Leon Botstein, conductor
Bard Conservatory Orchestra
Bard College Chamber Singers
Bard Festival Chorale
James Bagwell, choral director
Soloists from Bard’s Graduate Vocal Arts Program TBA
Mahler: Symphony No. 2, Resurrection
A co-presentation with the Bard College Conservatory of Music

Tickets priced at $25–$35; Five-Concert Series: all locations $120; Create Your Own Series: 25% off the full price. Tickets may be purchased online at fishercenter.bard.edu, by calling the Fisher Center at 845.758.7900, or at the Fisher Center box office in the lobby of Sosnoff Theater.

FREE CONCERTS SERIES

TŌN continues its series of free concerts at venues in New York City and beyond, providing families with an opportunity to attend their first orchestral performance and introduce a new generation to classical music. TŌN’s performances this season will include four performances of audience favorites ranging from Mozart and Mendelssohn to Ravel and Debussy with TŌN conductors Zachary Schwartzman and James Bagwell.

Ravel, Mozart & Midsummer
Sun, Nov 24, 2019 at 3 PM
Hudson Hall, Hudson, NY

Zachary Schwartzman, conductor
Mendelssohn: Selections from A Midsummer Night’s Dream
Ravel: Le tombeau de Couperin
Mozart: Symphony No. 39

Boléro & Petrushka
Sun, Feb 16, 2020 at 4 PM
Peter Norton Symphony Space, NYC

Zachary Schwartzman, conductor
Debussy: Prelude to the Afternoon of a Faun
Messiaen: The Forgotten Offerings
Ravel: Boléro
Stravinsky: Petrushka (1947)

Mozart, Bach & Mendelssohn
Sun, Mar 29, 2020 at 3 PM
Hudson Hall, Hudson, NY

James Bagwell, conductor
Bard Festival Chorale
Soloists from Bard’s Graduate Vocal Arts Program TBA
Mozart: Regina Coeli, K. 276
Bach: Magnificat
Mendelssohn: Symphony No. 3, Scottish

Liszt & Bartók
Sun, May 17, 2020 at 4 PM
Peter Norton Symphony Space, NYC
Zachary Schwartzman, conductor
Liszt: Les préludes
Kodály: Dances of Galánta
Bartók: Music for Strings, Percussion, and Celeste

Tickets: These concerts are FREE, no tickets necessary, advance RSVP suggested.
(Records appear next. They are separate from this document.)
section \<open>Cluster sets at a point of the unit sphere\<close>

lemma coordinatewise_tendsto_sphere:
  assumes x: "x \<in> l1_sphere" and ball: "eventually (\<lambda>y. y \<in> l1_ball) F"
    and coords: "\<And>n. ((\<lambda>y. y n) \<longlongrightarrow> x n) F" and e: "e > 0"
  shows "eventually (\<lambda>y. l1norm (y - x) < e) F"
proof -
  obtain I r where I: "finite I" "r > 0" and "\<And>n. n \<in> I \<Longrightarrow> x n \<noteq> 0"
    and near: "\<And>y. y \<in> l1_cball \<Longrightarrow> (\<And>n. n \<in> I \<Longrightarrow> norm (y n - x n) \<le> r) \<Longrightarrow> l1norm (y - x) < e"
    using l1_sphere_coordinate_nhds[OF x e] by blast
  have "eventually (\<lambda>y. \<forall>n\<in>I. dist (y n) (x n) < r) F"
    using I coords by (intro eventually_ball_finite) (auto intro: tendstoD)
  with ball show ?thesis
  proof eventually_elim
    case (elim y)
    then have "y \<in> l1_cball"
      using l1_ball_subset_cball by blast
    then show ?case
      by (rule near) (use elim in \<open>auto simp: dist_norm\<close>)
  qed
qed

lemma A_inf_tendsto_sphere:
  assumes x: "x \<in> l1_sphere" and f: "f \<in> A_inf" and ball: "eventually (\<lambda>y. y \<in> l1_ball) F"
    and coords: "\<And>n. ((\<lambda>y. y n) \<longlongrightarrow> x n) F"
  shows "(f \<longlongrightarrow> f x) F"
proof (rule tendstoI)
  fix e :: real assume "e > 0"
  have "cont_on_l1 l1_cball f" "x \<in> l1_cball"
    using f x l1_sphere_subset_cball unfolding A_inf_def by auto
  then obtain d where "d > 0" and d: "\<forall>y\<in>l1_cball. l1norm (y - x) < d \<longrightarrow> norm (f y - f x) < e"
    using \<open>e > 0\<close> unfolding cont_on_l1_def by blast
  from ball coordinatewise_tendsto_sphere[OF x ball coords \<open>d > 0\<close>]
  show "eventually (\<lambda>y. dist (f y) (f x) < e) F"
  proof eventually_elim
    case (elim y)
    then show ?case
      using d l1_ball_subset_cball by (auto simp: dist_norm)
  qed
qed

lemma cluster_set_subset:
  assumes x: "x \<in> l1_sphere" and f: "f \<in> A_inf"
  shows "cluster_set f x \<subseteq> {f x}"
proof
  fix v assume "v \<in> cluster_set f x"
  then obtain F where F: "F \<noteq> bot" "eventually (\<lambda>y. y \<in> l1_ball) F"
    "\<forall>L\<in>l1_dual. (L \<longlongrightarrow> L x) F" "(f \<longlongrightarrow> v) F"
    unfolding cluster_set_def by blast
  have "((\<lambda>y. y n) \<longlongrightarrow> x n) F" for n
    using bspec[OF F(3) coordinate_dual[of 1 n]] by simp
  then have "(f \<longlongrightarrow> f x) F"
    by (rule A_inf_tendsto_sphere[OF x f F(2)])
  then show "v \<in> {f x}"
    using tendsto_unique[OF F(1) F(4)] by simp
qed

lemma cluster_set_P_subset:
  assumes x: "x \<in> l1_sphere" and f: "f \<in> A_inf"
  shows "cluster_set_P f x \<subseteq> {f x}"
proof
  fix v assume "v \<in> cluster_set_P f x"
  then obtain F where F: "F \<noteq> bot" "eventually (\<lambda>y. y \<in> l1_ball) F"
    "\<forall>P\<in>poly_l1. (P \<longlongrightarrow> P x) F" "(f \<longlongrightarrow> v) F"
    unfolding cluster_set_P_def by blast
  have "((\<lambda>y. y n) \<longlongrightarrow> x n) F" for n
    using bspec[OF F(3) coordinate_poly[of n]] by simp
  then have "(f \<longlongrightarrow> f x) F"
    by (rule A_inf_tendsto_sphere[OF x f F(2)])
  then show "v \<in> {f x}"
    using tendsto_unique[OF F(1) F(4)] by simp
qed

lemma radial_filterlim:
  assumes x: "x \<in> l1_cball"
  shows "filterlim (\<lambda>t. scl (of_real t) x) (l1_within x l1_cball) (at_left 1)"
  unfolding filterlim_def le_filter_def eventually_filtermap eventually_l1_within
proof safe
  fix P d assume "d > (0::real)" and P: "\<forall>y\<in>l1_cball. l1norm (y - x) < d \<longrightarrow> P y"
  then have "eventually (\<lambda>t. t \<in> {max 0 (1 - d)<..<1}) (at_left (1::real))"
    by (intro eventually_at_left_real) auto
  then show "eventually (\<lambda>t. P (scl (of_real t) x)) (at_left 1)"
  proof (rule eventually_mono)
    fix t assume t: "t \<in> {max 0 (1 - d)<..<1}"
    then have "scl (of_real t) x \<in> l1_cball"
      using radial_in_ball[OF x] l1_ball_subset_cball by auto
    moreover have "l1norm (scl (of_real t) x - x) < d"
    proof -
      have "l1norm (scl (of_real t) x - x) = (1 - t) * l1norm x"
        using t l1_cballD[OF x] radial_dist[of x t] by simp
      moreover have "(1 - t) * l1norm x \<le> 1 - t"
        using t l1_cballD[OF x] by (intro mult_left_le) auto
      moreover have "1 - d < t"
        using t by simp
      ultimately show ?thesis
        by linarith
    qed
    ultimately show "P (scl (of_real t) x)"
      using P by blast
  qed
qed

lemma poly_l1_radial_tendsto:
  assumes P: "P \<in> poly_l1" and x: "x \<in> l1_space"
  shows "((\<lambda>t. P (scl (of_real t) x)) \<longlongrightarrow> P x) (at_left 1)"
proof -
  obtain N As where As: "\<forall>k\<le>N. multilin_l1 k (As k)" "\<forall>y\<in>l1_space. P y = (\<Sum>k\<le>N. As k (replicate k y))"
    using P unfolding poly_l1_def by blast
  have "P (scl (of_real t) x) = (\<Sum>k\<le>N. of_real t ^ k * As k (replicate k x))" for t
    using As l1_space_scl[OF x] multilin_homogeneous[OF _ x] by simp
  moreover have "((\<lambda>t. \<Sum>k\<le>N. of_real t ^ k * As k (replicate k x))
      \<longlongrightarrow> (\<Sum>k\<le>N. of_real 1 ^ k * As k (replicate k x))) (at_left (1::real))"
    by (intro tendsto_intros tendsto_ident_at)
  ultimately show ?thesis
    using As(2) x by simp
qed

lemma radial_approach:
  assumes x: "x \<in> l1_sphere"
  defines "F \<equiv> filtermap (\<lambda>t. scl (of_real t) x) (at_left (1::real))"
  shows "F \<noteq> bot" "eventually (\<lambda>y. y \<in> l1_ball) F"
    and "f \<in> A_inf \<Longrightarrow> (f \<longlongrightarrow> f x) F"
    and "L \<in> l1_dual \<Longrightarrow> (L \<longlongrightarrow> L x) F"
    and "P \<in> poly_l1 \<Longrightarrow> (P \<longlongrightarrow> P x) F"
proof -
  have xs: "x \<in> l1_space" and xc: "x \<in> l1_cball"
    using l1_sphereD[OF x] l1_sphere_subset_cball x by auto
  show "F \<noteq> bot"
    unfolding F_def by (simp add: filtermap_bot_iff)
  show "eventually (\<lambda>y. y \<in> l1_ball) F"
    unfolding F_def eventually_filtermap using eventually_at_left_real[of 0 "1::real"]
    by (rule eventually_mono) (auto intro: radial_in_ball[OF xc])
  show "(f \<longlongrightarrow> f x) F" if "f \<in> A_inf"
  proof -
    have "(f \<longlongrightarrow> f x) (l1_within x l1_cball)"
      using that xc unfolding A_inf_def cont_on_l1_iff_tendsto by blast
    with radial_filterlim[OF xc] show ?thesis
      unfolding F_def filterlim_filtermap by (rule filterlim_compose[rotated])
  qed
  show "(L \<longlongrightarrow> L x) F" if "L \<in> l1_dual"
  proof -
    have "((\<lambda>t. of_real t * L x) \<longlongrightarrow> of_real 1 * L x) (at_left (1::real))"
      by (intro tendsto_intros tendsto_ident_at)
    then show ?thesis
      unfolding F_def filterlim_filtermap using l1_dual_scl[OF that xs] by simp
  qed
  show "(P \<longlongrightarrow> P x) F" if "P \<in> poly_l1"
    using poly_l1_radial_tendsto[OF that xs] unfolding F_def filterlim_filtermap by simp
qed

lemma cluster_sets_sphere:
  assumes "x \<in> l1_sphere" "f \<in> A_inf"
  shows "cluster_set f x = {f x}" "cluster_set_P f x = {f x}"
proof -
  note radial = radial_approach[OF assms(1)]
  have "f x \<in> cluster_set f x"
    unfolding cluster_set_def using radial(1,2) radial(3)[OF assms(2)] radial(4) by blast
  moreover have "f x \<in> cluster_set_P f x"
    unfolding cluster_set_P_def using radial(1,2) radial(3)[OF assms(2)] radial(5) by blast
  ultimately show "cluster_set f x = {f x}" "cluster_set_P f x = {f x}"
    using cluster_set_subset[OF assms] cluster_set_P_subset[OF assms] by auto
qed

theorem mainTheorem13:
  assumes "x \<in> l1_sphere"
  shows "\<forall>f\<in>A_inf. cluster_set f x = gelfand f ` fiber x
                 \<and> cluster_set_P f x = gelfand f ` fiber_P x"
  using cluster_sets_sphere[OF assms] gelfand_image_fiber[OF assms] by simp

end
For concerts at Symphony Space, RSVP at symphonyspace.org. For concerts at Hudson Hall, RSVP at hudsonhall.org.

SPECIAL EVENTS
Special events during the 2019-20 season include From the Middle Kingdom to the Wild West, a Carnegie Hall program presenting both a world and a U.S. premiere of works by Chinese-American composer Zhou Long (Oct. 1); a Chinese New Year concert with Associate Conductor Jindong Cai at the Fisher Center at Bard and at Rose Theater at Jazz at Lincoln Center’s Frederick P. Rose Hall (Jan. 25 and 26); and an opera led by TŌN Associate Conductor James Bagwell at the Fisher Center at Bard (Mar. 6 and 8).
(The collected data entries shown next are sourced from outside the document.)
text \<open>A cut without crossing edges cannot split a block of positive measure on which \<open>W = 1\<close>;
  as \<open>C\<close> overlaps both \<open>L\<close> and \<open>R\<close>, the side carrying mass of \<open>C\<close> carries mass of \<open>L\<close> and \<open>R\<close>,
  and then the other side is null.\<close>
lemma graphon_connected_if_bridged:
  assumes sets: "L \<in> sets lebesgue" "C \<in> sets lebesgue" "R \<in> sets lebesgue"
    and cover: "{0..1} \<subseteq> L \<union> C \<union> R" and "C \<subseteq> {0..1}"
    and LR: "\<And>x y. x \<in> L \<Longrightarrow> y \<in> R \<Longrightarrow> W x y = 1"
    and RL: "\<And>x y. x \<in> R \<Longrightarrow> y \<in> L \<Longrightarrow> W x y = 1"
    and CC: "\<And>x y. x \<in> C \<Longrightarrow> y \<in> C \<Longrightarrow> W x y = 1"
    and overlap: "0 < measure lebesgue (L \<inter> C)" "0 < measure lebesgue (R \<inter> C)"
  shows "graphon_connected W"
  unfolding graphon_connected_def
proof (intro ballI impI notI)
  fix A assume A: "A \<in> unit_sets" and mA: "0 < measure lebesgue A \<and> measure lebesgue A < 1"
    and cut: "e_W W A ({0..1} - A) = 0"
  define B where "B = {0..1} - A"
  let ?m = "measure (lebesgue :: real measure)"
  have A_unit: "A \<subseteq> {0..1}" "A \<in> sets lebesgue" using A by (auto simp: unit_sets_def)
  have B_unit: "B \<in> unit_sets" "B \<subseteq> {0..1}" "B \<in> sets lebesgue"
    using A_unit by (auto simp: unit_sets_def B_def)
  have mB: "?m B = 1 - ?m A"
    using A_unit unfolding B_def by (subst measure_Diff) auto
  have null: "?m (A \<inter> C) = 0 \<or> ?m (B \<inter> C) = 0" "?m (A \<inter> L) = 0 \<or> ?m (B \<inter> R) = 0"
    "?m (A \<inter> R) = 0 \<or> ?m (B \<inter> L) = 0"
    using e_W_eq_0_imp_null[OF cut[folded B_def] A B_unit(1)] sets LR RL CC by blast+
  have split: "?m X \<le> ?m (X \<inter> L) + ?m (X \<inter> C) + ?m (X \<inter> R)"
    if "X \<subseteq> {0..1}" "X \<in> sets lebesgue" for X
    using that cover sets by (intro measure_le_cover3) auto
  have overlap_split: "?m (S \<inter> C) \<le> ?m (A \<inter> (S \<inter> C)) + ?m (B \<inter> (S \<inter> C))"
    if "S \<in> sets lebesgue" for S
    using measure_le_cover[of "S \<inter> C" A B lebesgue] that sets A_unit B_unit \<open>C \<subseteq> {0..1}\<close>
    by (auto simp: B_def Int_ac)
  have mono: "?m (X \<inter> (S \<inter> C)) \<le> ?m (X \<inter> S)" "?m (X \<inter> (S \<inter> C)) \<le> ?m (X \<inter> C)"
    if "X \<subseteq> {0..1}" "X \<in> sets lebesgue" "S \<in> sets lebesgue" for X S
    using that sets by (auto intro!: measure_unit_mono)
  show False
    using null split[OF A_unit] split[OF B_unit(2,3)] overlap_split[OF sets(1)] overlap_split[OF sets(3)]
      mono[OF A_unit sets(1)] mono[OF A_unit sets(3)] mono[OF B_unit(2,3) sets(1)] mono[OF B_unit(2,3) sets(3)]
      mA mB overlap
      measure_nonneg[of lebesgue "A \<inter> (L \<inter> C)"] measure_nonneg[of lebesgue "B \<inter> (L \<inter> C)"]
      measure_nonneg[of lebesgue "A \<inter> (R \<inter> C)"] measure_nonneg[of lebesgue "B \<inter> (R \<inter> C)"]
      measure_nonneg[of lebesgue "A \<inter> L"] measure_nonneg[of lebesgue "A \<inter> R"]
      measure_nonneg[of lebesgue "B \<inter> L"] measure_nonneg[of lebesgue "B \<inter> R"]
    by linarith
qed
lemma sigma_sets_vimage_generators:
  assumes X: "X \<in> measurable M N" and G: "sigma_sets (space N) G = sets N"
  shows "sigma_sets (space M) {X -` A \<inter> space M | A. A \<in> sets N}
    = sigma_sets (space M) {X -` A \<inter> space M | A. A \<in> G}"
proof -
  have "{X -` A \<inter> space M | A. A \<in> sets N} = sigma_sets (space M) {X -` A \<inter> space M | A. A \<in> G}"
    unfolding G[symmetric] using measurable_space[OF X] by (intro sigma_sets_vimage_commute) auto
  moreover have "{X -` A \<inter> space M | A. A \<in> G} \<subseteq> Pow (space M)"
    by auto
  ultimately show ?thesis
    by (simp add: sigma_sets_sigma_sets_eq)
qed

lemma Int_stable_vimage:
  assumes "Int_stable G"
  shows "Int_stable {X -` A \<inter> S | A. A \<in> G}"
proof (rule Int_stableI)
  fix a b assume "a \<in> {X -` A \<inter> S | A. A \<in> G}" "b \<in> {X -` A \<inter> S | A. A \<in> G}"
  then obtain A B where "A \<in> G" "B \<in> G" and ab: "a \<inter> b = X -` (A \<inter> B) \<inter> S"
    by auto
  have "A \<inter> B \<in> G"
    using assms \<open>A \<in> G\<close> \<open>B \<in> G\<close> by (rule Int_stableD)
  then show "a \<inter> b \<in> {X -` A \<inter> S | A. A \<in> G}"
    unfolding ab by blast
qed
lemma splext_morph_from_E4_separates:
  assumes E': "is_splext X2 E'" and m: "splext_morph X2 E4 E' f g"
  shows "inj_on f (hcar (sA E3))" "inj_on g (hcar (sB E3))" "g {} \<noteq> g {0}"
proof -
  have A': "heyting_semilattice (sA E')" and B': "heyting_semilattice (sB E')"
    and kap_inj: "inj_on (kap E') (hcar X2)"
    using E' unfolding is_splext_def by auto
  have f: "hsl_hom (sA E4) (sA E') f" and g: "hsl_hom (sB E4) (sB E') g"
    and f_kap: "\<forall>x\<in>hcar X2. f x = kap E' x"
    and f_bet: "\<forall>b\<in>hcar (sB E4). f (bet E4 b) = bet E' (g b)"
    using m unfolding splext_morph_def by (auto simp: E4_def chain_splext_def)
  have A4: "hcar (sA E4) = {{}, {0}, {0,1}, {0,1,2}}" "htop (sA E4) = {0,1,2}"
    and B4: "hcar (sB E4) = {{}, {0}, {0,1}}" "htop (sB E4) = {0,1}"
    by (auto simp: E4_def chain_splext_def set_chain_hsl_def)
  have f_top: "f {0,1,2} = htop (sA E')" and g_top: "g {0,1} = htop (sB E')"
    using f g A4(2) B4(2) unfolding hsl_hom_def by auto
  have fa_ne_top: "f {0,1} \<noteq> f {0,1,2}"
  proof -
    have in_X2: "{0,1} \<in> hcar X2" "{0,1,2} \<in> hcar X2"
      by (simp_all add: X2_def set_chain_hsl_def)
    have "({0,1} :: nat set) \<noteq> {0,1,2}" by (simp add: set_eq_iff exI[of _ 2])
    then show ?thesis
      using in_X2 f_kap inj_on_eq_iff[OF kap_inj in_X2] by simp
  qed
  have f0_ne_top: "f {} \<noteq> f {0,1,2}"
  proof
    assume "f {} = f {0,1,2}"
    then have "f {0,1} = htop (sA E')"
      using hsl_hom_top_upward[OF A' f, of "{}" "{0,1}"] f_top A4(1)
      by (simp add: E4_def chain_splext_def set_chain_hsl_def hle_def)
    with fa_ne_top f_top show False by simp
  qed
  have f0_ne_a: "f {} \<noteq> f {0,1}"
  proof
    assume "f {} = f {0,1}"
    then have "f (himp (sA E4) {0,1} {}) = htop (sA E')"
      using hsl_hom_eq_imp_top[OF A' f, of "{0,1}" "{}"] A4(1) by simp
    with f0_ne_top f_top show False
      by (simp add: E4_def chain_splext_def set_chain_hsl_def)
  qed
  have "hcar (sA E3) = {{}, {0,1}, {0,1,2}}" "hcar (sB E3) = {{}, {0,1}}"
    by (simp_all add: E3_def chain_splext_def set_chain_hsl_def)
  show "inj_on f (hcar (sA E3))"
    using f0_ne_a f0_ne_top fa_ne_top unfolding \<open>hcar (sA E3) = _\<close> inj_on_def
    by (intro ballI impI; elim insertE emptyE; metis)
  have g0_ne_top: "g {} \<noteq> g {0,1}"
  proof
    assume "g {} = g {0,1}"
    then have "f {} = f {0,1,2}"
      using f_bet B4(1) by (simp add: E4_def chain_splext_def)
    with f0_ne_top show False ..
  qed
  then show "inj_on g (hcar (sB E3))"
    unfolding \<open>hcar (sB E3) = _\<close> inj_on_def
    by (intro ballI impI; elim insertE emptyE; metis)
  show "g {} \<noteq> g {0}"
  proof
    assume "g {} = g {0}"
    then have "g (himp (sB E4) {0} {}) = htop (sB E')"
      using hsl_hom_eq_imp_top[OF B' g, of "{0}" "{}"] B4(1) by simp
    with g0_ne_top g_top show False
      by (simp add: E4_def chain_splext_def set_chain_hsl_def)
  qed
qed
From the Middle Kingdom to the Wild West
Part of the 2019 China Now Music Festival
This program will offer new works by Pulitzer Prize-winning composer Zhou Long, evoking ancient and modern mythical geographies. The concert includes the world premiere of his Men of Iron and the Golden Spike, a piece inspired by the thousands of Chinese workers who helped complete the Transcontinental Railroad in the American West. In addition, TŌN will perform the U.S. premiere of Long’s Classic of Mountains and Seas, which combines ancient Chinese traditions with modern Western technique. TŌN Associate Conductor Jindong Cai, a three-time recipient of the ASCAP Award for Adventurous Programming of Contemporary Music, will lead the Orchestra along with the China Now Festival Chorus.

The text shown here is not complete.